Which keyboards do you guys use? Why?
My favs. include Swype and SwiftKey X


----------



## dougfresh

SlideIT..Because I said so. Jk I just tried this KB and it has great options


----------



## Br1cK'd

Ultra Keyboard

Its not free, but its worth it. Completely customizable, color, key size and spacing, and a lot more, plus its got "tracing" (just like swype, but much much better), tons of language support, and a lot of features including a scrollable/customizable tools menu thats real handy.

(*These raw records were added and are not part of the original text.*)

lemma is_lcp_M_Plus:
  assumes L: "longest_selector L"
    and IH_l: "\<And>i j a b. 1 \<le> i \<Longrightarrow> is_lcp (M L \<tau> l i j a b) ys (box \<tau> i j a b)"
    and IH_r: "\<And>i j a b. 1 \<le> i \<Longrightarrow> is_lcp (M L \<tau> r i j a b) zs (box \<tau> i j a b)"
    and sep: "\<forall>y\<in>set ys. \<forall>z\<in>set zs. y < z"
    and ij: "1 \<le> i" "i \<le> j" and ab: "a \<le> b"
  shows "is_lcp (M L \<tau> (Node Plus l r) i j a b) (ys @ zs) (box \<tau> i j a b)"
proof -
  define cand where "cand h c = oplus (M L \<tau> l i (h - 1) a (c - 1)) (M L \<tau> r h j c b)" for h c
  define S where "S = {cand h c | h c. i \<le> h \<and> h \<le> j + 1 \<and> a \<le> c \<and> c \<le> b + 1}"
  have M: "M L \<tau> (Node Plus l r) i j a b = L S"
    using ij ab by (simp add: S_def cand_def)
  have S: "S = (\<lambda>(h, c). cand h c) ` ({i..j + 1} \<times> {a..b + 1})"
    unfolding S_def by fastforce
  have "is_pattern (cand h c) (ys @ zs) \<and> is_pattern (cand h c) (box \<tau> i j a b)"
    if hc: "i \<le> h" "h \<le> j + 1" "a \<le> c" "c \<le> b + 1" for h c
  proof
    have l: "is_lcp (M L \<tau> l i (h - 1) a (c - 1)) ys (box \<tau> i (h - 1) a (c - 1))"
      and r: "is_lcp (M L \<tau> r h j c b) zs (box \<tau> h j c b)"
      using IH_l IH_r ij hc by simp_all
    then show "is_pattern (cand h c) (ys @ zs)"
      unfolding cand_def is_lcp_def using is_pattern_oplus sep by blast
    have "\<forall>y\<in>set (box \<tau> i (h - 1) a (c - 1)). \<forall>z\<in>set (box \<tau> h j c b). y < z"
      by (auto simp: box_def)
    then have "is_pattern (cand h c) (box \<tau> i (h - 1) a (c - 1) @ box \<tau> h j c b)"
      unfolding cand_def using l r is_pattern_oplus by (simp add: is_lcp_def)
    then show "is_pattern (cand h c) (box \<tau> i j a b)"
      using is_pattern_subseq subseq_box_append hc by simp
  qed
  then have patterns: "\<forall>p\<in>S. is_pattern p (ys @ zs) \<and> is_pattern p (box \<tau> i j a b)"
    by (auto simp: S_def)
  have "\<exists>p\<in>S. length q \<le> length p"
    if q: "is_pattern q (ys @ zs)" "is_pattern q (box \<tau> i j a b)" for q
  proof -
    obtain q1 q2 where q12: "q = oplus q1 q2" "is_pattern q1 ys" "is_pattern q2 zs"
      using is_pattern_oplusE[OF q(1) sep] .
    have perms: "is_perm q1" "is_perm q2"
      using q12 by (simp_all add: is_pattern_def)
    obtain h c where hc: "i \<le> h" "h \<le> j + 1" "a \<le> c" "c \<le> b + 1"
      "is_pattern q1 (box \<tau> i (h - 1) a (c - 1))" "is_pattern q2 (box \<tau> h j c b)"
      using is_pattern_box_oplusE[OF perms q(2)[unfolded q12(1)]] ij ab by auto
    have "length q1 \<le> length (M L \<tau> l i (h - 1) a (c - 1))" "length q2 \<le> length (M L \<tau> r h j c b)"
      using IH_l[of i "h - 1" a "c - 1"] IH_r[of h j c b] q12(2,3) hc ij by (simp_all add: is_lcp_def)
    then have "length q \<le> length (cand h c)"
      by (simp add: q12(1) cand_def)
    then show ?thesis
      using hc(1-4) by (auto simp: S_def)
  qed
  then show ?thesis
    unfolding M using is_lcp_longest_selector[OF L _ _ patterns] ij ab S by auto
qed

I do like Swiftkey, and the stock kb has always been good to me, but Ultra Keyboard is where its at IMO.


----------



## dougfresh

I prefer the stock KB like B mentioned!I haven't used swipe or swift key in ages although I own swift key pro


----------



## xriderx66

Br1cK said:


> Ultra Keyboard
> 
> Its not free, but its worth it. Completely customizable, color, key size and spacing, and a lot more, plus its got "tracing" (just like swype, but much much better), tons of language support, and a lot of features including a scrollable/customizable tools menu thats real handy.
> 
> I do like Swiftkey, and the stock kb has always been good to me, but Ultra Keyboard is where its at IMO.


It's a pretty good keyboard.. I'm using the 48 hour trial right now, do you know how to disable the arrow icons at the bottom?
Also, when im in messaging app, the suggestions pretty much cover up where i'm typing, anyway to fix that? I think this would be fixed by removing the arrows, so any idea how to do that?


----------



## Br1cK'd

xriderx66 said:


> It's a pretty good keyboard.. I'm using the 48 hour trial right now, do you know how to disable the arrow icons at the bottom?
> Also, when im in messaging app, the suggestions pretty much cover up where i'm typing, anyway to fix that? I think this would be fixed by removing the arrows, so any idea how to do that?

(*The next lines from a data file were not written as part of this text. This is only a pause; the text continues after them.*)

lemma pointwise_max_principle:
  fixes Bn Bp H xn xp Nn Np g m l \<sigma> \<kappa> \<mu> \<beta> :: real
  assumes eq: "Bn * xn - (Bn - Bp) * xp + H =
      m * (l * ((1 - \<sigma>) * Nn + \<sigma> * Np - 4 * ((1 - \<sigma>) * xn + \<sigma> * xp)) + g - \<kappa> * ((1 - \<sigma>) * xn + \<sigma> * xp))"
    and gap: "m * \<sigma> * (4 * l + \<kappa>) \<le> Bn - Bp" and Bp: "0 \<le> Bp" and H: "\<bar>H\<bar> \<le> Bp * \<beta>"
    and xn: "\<bar>xn\<bar> = \<mu>" and Nn: "\<bar>Nn\<bar> \<le> 4 * \<mu>" and Np: "\<bar>Np\<bar> \<le> 4 * \<beta>" and xp: "\<bar>xp\<bar> \<le> \<beta>"
    and g: "\<bar>g\<bar> \<le> \<kappa> * \<beta>"
    and pos: "0 < m" "0 < l" "0 \<le> \<kappa>" "0 < \<sigma>" "\<sigma> < 1"
  shows "\<mu> \<le> \<beta>"
proof -
  define c a b where "c = m * \<sigma> * (4 * l + \<kappa>)" and "a = m * l * (1 - \<sigma>)" and "b = m * l * \<sigma>"
  define K where "K = Bn + m * (1 - \<sigma>) * (4 * l + \<kappa>)"
  have coeffs: "0 \<le> a" "0 \<le> b" "0 \<le> Bn - Bp - c" using pos gap by (simp_all add: a_def b_def c_def)
  have K: "0 < K" using gap Bp pos by (simp add: K_def c_def) (smt (verit) mult_pos_pos mult_nonneg_nonneg)
  have "K * xn = - H + (Bn - Bp - c) * xp + a * Nn + b * Np + m * g"
    using eq by (simp add: K_def a_def b_def c_def algebra_simps)
  then have "K * \<mu> \<le> Bp * \<beta> + (Bn - Bp - c) * \<beta> + a * (4 * \<mu>) + b * (4 * \<beta>) + m * (\<kappa> * \<beta>)"
    using xn K H coeffs pos abs_mult[of K xn] mult_left_mono[OF xp coeffs(3)] mult_left_mono[OF Nn coeffs(1)]
      mult_left_mono[OF Np coeffs(2)] mult_left_mono[OF g, of m] abs_mult[of "Bn - Bp - c" xp]
      abs_mult[of a Nn] abs_mult[of b Np] abs_mult[of m g]
    by (smt (verit))
  then have "(Bn + m * (1 - \<sigma>) * \<kappa>) * \<mu> \<le> (Bn + m * (1 - \<sigma>) * \<kappa>) * \<beta>"
    by (simp add: K_def a_def b_def c_def algebra_simps)
  moreover have "0 < Bn + m * (1 - \<sigma>) * \<kappa>" using gap Bp pos coeffs K
    by (simp add: c_def) (smt (verit) mult_nonneg_nonneg mult_pos_pos)
  ultimately show ?thesis by simp
qed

Yep yep, you can remove the arrows in Settings - General - Arrow keys (mine is set to never).

Also, to adjust the size of the suggestions, adjust the size of the toolbar in Settings - Toolbar - Height, and that will also shrink the suggestions.

Tons of options with this one, its easy to get lost your first few times through it. Once you get it dialed in though, its butter.

Sent from my ICZen Experience


----------



## wharfwreath

I like Swiftkey X, it has the best predictions from the keyboards I have tried out.


----------



## gh0stdata

i seem to dislike swipe, i just cant get used to it. im using the regular ics keyboard and i can type without looking at the phone


----------



## eyethinkikn0wu

I used swype initially then switched over to swift key and never went back. I enjoy using swiftkey because of the best predictions it gives me. Swype doesn't do that as well and has a lot of errors when swiping.

Haven't tried out ultra keyboard, but it sounds pretty good. Does it have the same predictions that swiftkey offers?

Sent from my ADR6425LVW using Tapatalk 2


----------